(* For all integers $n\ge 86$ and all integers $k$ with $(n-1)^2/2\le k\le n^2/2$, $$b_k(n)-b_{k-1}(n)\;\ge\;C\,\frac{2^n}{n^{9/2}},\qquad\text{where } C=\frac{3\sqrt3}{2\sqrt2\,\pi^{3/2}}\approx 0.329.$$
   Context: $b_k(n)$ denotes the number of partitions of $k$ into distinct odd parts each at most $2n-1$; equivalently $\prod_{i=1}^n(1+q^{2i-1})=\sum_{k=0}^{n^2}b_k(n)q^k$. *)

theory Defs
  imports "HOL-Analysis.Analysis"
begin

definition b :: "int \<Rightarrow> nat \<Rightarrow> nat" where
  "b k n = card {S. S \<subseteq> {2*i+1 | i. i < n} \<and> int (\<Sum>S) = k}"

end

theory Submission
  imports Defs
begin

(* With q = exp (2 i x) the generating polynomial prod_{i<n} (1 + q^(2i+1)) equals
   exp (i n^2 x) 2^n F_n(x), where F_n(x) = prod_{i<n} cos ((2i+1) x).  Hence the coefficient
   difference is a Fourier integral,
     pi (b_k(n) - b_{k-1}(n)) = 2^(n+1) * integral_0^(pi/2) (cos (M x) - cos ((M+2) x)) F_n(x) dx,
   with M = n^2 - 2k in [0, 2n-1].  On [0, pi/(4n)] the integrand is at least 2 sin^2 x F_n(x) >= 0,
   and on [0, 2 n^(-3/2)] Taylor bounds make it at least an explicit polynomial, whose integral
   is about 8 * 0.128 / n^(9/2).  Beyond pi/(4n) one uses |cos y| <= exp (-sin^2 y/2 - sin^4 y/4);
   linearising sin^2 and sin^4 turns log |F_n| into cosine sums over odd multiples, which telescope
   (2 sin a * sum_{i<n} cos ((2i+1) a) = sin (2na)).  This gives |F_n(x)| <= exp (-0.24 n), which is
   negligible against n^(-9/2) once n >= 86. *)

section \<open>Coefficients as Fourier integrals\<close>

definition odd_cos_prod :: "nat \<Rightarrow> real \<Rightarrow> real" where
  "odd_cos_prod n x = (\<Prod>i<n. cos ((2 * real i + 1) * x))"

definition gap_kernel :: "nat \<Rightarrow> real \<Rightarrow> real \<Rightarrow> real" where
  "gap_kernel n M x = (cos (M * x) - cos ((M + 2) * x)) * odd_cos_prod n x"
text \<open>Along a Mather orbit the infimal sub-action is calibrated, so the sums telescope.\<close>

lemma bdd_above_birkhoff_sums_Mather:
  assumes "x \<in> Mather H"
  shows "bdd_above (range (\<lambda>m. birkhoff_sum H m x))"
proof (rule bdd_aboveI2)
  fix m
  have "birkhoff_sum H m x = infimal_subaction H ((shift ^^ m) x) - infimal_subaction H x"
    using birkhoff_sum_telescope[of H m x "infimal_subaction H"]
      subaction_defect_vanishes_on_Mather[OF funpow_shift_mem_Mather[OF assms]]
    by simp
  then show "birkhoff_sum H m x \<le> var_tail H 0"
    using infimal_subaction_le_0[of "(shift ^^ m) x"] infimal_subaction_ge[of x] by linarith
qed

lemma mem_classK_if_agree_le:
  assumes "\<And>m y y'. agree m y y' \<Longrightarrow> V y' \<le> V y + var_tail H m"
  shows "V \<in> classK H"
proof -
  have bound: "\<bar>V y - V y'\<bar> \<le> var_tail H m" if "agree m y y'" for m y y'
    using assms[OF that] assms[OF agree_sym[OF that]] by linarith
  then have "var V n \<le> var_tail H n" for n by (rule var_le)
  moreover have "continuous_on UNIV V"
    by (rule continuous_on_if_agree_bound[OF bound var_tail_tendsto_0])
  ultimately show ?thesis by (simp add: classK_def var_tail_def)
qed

------------------------------------------------------------------------

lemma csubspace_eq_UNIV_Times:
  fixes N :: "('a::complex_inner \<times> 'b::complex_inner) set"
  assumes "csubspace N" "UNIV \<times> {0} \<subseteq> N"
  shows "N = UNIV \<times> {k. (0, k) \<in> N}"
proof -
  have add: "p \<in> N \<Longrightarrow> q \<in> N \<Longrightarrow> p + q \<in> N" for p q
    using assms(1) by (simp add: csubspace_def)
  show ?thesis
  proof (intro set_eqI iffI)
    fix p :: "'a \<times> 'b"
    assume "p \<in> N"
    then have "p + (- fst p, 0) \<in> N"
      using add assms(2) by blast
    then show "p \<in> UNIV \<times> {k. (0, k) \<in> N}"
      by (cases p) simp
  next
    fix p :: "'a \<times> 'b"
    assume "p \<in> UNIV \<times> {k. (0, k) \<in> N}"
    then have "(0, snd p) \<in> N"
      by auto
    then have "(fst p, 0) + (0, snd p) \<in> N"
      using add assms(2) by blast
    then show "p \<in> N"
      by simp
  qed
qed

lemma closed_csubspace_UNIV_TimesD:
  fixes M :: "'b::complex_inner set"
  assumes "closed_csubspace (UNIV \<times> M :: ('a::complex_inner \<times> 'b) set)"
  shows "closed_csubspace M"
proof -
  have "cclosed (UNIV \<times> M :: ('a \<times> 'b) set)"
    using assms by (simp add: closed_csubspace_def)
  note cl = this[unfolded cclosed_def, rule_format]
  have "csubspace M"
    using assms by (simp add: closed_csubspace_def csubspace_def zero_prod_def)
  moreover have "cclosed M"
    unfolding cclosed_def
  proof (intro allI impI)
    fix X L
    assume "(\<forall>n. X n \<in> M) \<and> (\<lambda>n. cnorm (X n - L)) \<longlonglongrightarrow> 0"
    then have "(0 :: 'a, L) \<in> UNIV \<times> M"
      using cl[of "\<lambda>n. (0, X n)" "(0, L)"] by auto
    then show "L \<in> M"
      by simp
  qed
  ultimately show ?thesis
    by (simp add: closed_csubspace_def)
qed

------------------------------------------------------------------------

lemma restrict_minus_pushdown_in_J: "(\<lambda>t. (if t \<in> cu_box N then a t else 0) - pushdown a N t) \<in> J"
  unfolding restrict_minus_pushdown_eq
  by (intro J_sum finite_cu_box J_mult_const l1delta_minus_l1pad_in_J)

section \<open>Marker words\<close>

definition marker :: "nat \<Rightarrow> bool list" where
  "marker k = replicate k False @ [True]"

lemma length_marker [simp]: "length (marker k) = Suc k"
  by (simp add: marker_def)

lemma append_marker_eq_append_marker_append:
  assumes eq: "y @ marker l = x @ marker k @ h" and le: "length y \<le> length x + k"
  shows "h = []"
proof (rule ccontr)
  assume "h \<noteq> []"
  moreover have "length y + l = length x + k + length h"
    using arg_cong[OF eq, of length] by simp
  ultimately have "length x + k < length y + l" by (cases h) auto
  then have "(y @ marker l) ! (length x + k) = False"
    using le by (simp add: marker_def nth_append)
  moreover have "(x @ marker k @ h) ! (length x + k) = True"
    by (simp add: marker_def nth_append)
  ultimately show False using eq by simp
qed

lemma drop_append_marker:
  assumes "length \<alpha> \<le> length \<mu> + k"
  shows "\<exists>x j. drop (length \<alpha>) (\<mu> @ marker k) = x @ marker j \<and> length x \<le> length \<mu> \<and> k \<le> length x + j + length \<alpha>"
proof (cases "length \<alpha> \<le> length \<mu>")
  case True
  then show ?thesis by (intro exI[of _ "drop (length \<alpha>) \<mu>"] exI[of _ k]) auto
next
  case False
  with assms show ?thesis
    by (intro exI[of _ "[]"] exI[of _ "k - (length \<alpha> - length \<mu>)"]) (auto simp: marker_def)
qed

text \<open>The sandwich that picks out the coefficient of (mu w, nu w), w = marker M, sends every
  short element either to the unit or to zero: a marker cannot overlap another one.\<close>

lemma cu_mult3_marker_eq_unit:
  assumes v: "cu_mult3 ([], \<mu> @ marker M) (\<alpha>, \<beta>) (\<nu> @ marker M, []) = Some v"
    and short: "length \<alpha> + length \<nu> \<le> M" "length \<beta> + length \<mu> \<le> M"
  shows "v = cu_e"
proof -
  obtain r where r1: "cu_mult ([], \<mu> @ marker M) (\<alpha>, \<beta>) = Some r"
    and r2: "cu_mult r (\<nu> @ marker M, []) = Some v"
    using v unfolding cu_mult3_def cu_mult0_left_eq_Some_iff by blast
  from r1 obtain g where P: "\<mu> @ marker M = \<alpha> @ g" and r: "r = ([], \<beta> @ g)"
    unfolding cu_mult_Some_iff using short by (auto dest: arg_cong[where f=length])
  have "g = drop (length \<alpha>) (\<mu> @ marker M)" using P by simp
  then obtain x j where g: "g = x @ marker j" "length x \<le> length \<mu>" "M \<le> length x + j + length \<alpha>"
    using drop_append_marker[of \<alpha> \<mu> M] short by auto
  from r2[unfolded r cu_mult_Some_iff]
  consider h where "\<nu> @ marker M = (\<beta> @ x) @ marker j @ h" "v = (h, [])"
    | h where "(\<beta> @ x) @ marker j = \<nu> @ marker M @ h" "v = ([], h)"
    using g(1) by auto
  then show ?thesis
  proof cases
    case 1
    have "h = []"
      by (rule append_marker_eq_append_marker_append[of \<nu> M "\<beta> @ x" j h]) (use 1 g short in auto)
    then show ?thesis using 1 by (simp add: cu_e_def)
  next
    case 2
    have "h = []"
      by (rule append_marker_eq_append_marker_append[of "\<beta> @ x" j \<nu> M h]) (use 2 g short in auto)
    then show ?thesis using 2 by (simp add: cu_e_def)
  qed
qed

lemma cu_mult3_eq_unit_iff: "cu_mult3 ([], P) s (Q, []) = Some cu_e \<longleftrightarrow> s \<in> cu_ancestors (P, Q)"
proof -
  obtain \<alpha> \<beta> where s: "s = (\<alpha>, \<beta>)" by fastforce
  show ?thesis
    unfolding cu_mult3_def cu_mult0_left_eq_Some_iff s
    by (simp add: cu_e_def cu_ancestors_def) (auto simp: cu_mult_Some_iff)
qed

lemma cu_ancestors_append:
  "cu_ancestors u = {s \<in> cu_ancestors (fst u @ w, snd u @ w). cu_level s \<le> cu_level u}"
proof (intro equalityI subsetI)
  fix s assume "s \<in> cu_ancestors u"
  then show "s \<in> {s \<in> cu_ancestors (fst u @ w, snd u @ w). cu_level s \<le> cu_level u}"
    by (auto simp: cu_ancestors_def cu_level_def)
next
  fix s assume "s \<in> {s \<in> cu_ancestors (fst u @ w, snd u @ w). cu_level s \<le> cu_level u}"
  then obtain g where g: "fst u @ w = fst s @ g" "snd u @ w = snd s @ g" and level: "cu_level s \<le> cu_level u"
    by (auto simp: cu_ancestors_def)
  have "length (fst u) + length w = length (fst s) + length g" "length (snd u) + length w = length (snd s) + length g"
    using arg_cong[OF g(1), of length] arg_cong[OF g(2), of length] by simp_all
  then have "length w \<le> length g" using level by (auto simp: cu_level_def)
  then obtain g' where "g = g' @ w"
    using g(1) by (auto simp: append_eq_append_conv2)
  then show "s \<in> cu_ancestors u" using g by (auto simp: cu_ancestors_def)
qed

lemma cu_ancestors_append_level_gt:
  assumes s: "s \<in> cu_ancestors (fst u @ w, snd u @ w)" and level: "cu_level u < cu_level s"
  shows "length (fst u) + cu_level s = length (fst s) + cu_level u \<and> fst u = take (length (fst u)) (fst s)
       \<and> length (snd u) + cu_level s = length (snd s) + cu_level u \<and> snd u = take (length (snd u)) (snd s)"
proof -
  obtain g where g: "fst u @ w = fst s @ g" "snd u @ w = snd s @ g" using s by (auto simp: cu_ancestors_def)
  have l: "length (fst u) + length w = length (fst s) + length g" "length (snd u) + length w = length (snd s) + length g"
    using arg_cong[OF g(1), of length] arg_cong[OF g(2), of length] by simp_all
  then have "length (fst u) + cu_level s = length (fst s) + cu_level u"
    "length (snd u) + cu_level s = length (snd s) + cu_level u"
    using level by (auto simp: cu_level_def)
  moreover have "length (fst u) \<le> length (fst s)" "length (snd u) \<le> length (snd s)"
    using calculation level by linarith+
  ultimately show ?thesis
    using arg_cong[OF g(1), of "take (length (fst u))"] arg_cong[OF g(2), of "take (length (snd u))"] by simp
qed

------------------------------------------------------------------------

## What the exercise asks
Go through the listing above and locate each line that holds the word "into". Copy those lines.

## Exercise answer
   Context: $b_k(n)$ denotes the number of partitions of $k$ into distinct odd parts each at most $2n-1$; equivalently $\prod_{i=1}^n(1+q^{2i-1})=\sum_{k=0}^{n^2}b_k(n)q^k$. *)
   linearising sin^2 and sin^4 turns log |F_n| into cosine sums over odd multiples, which telescope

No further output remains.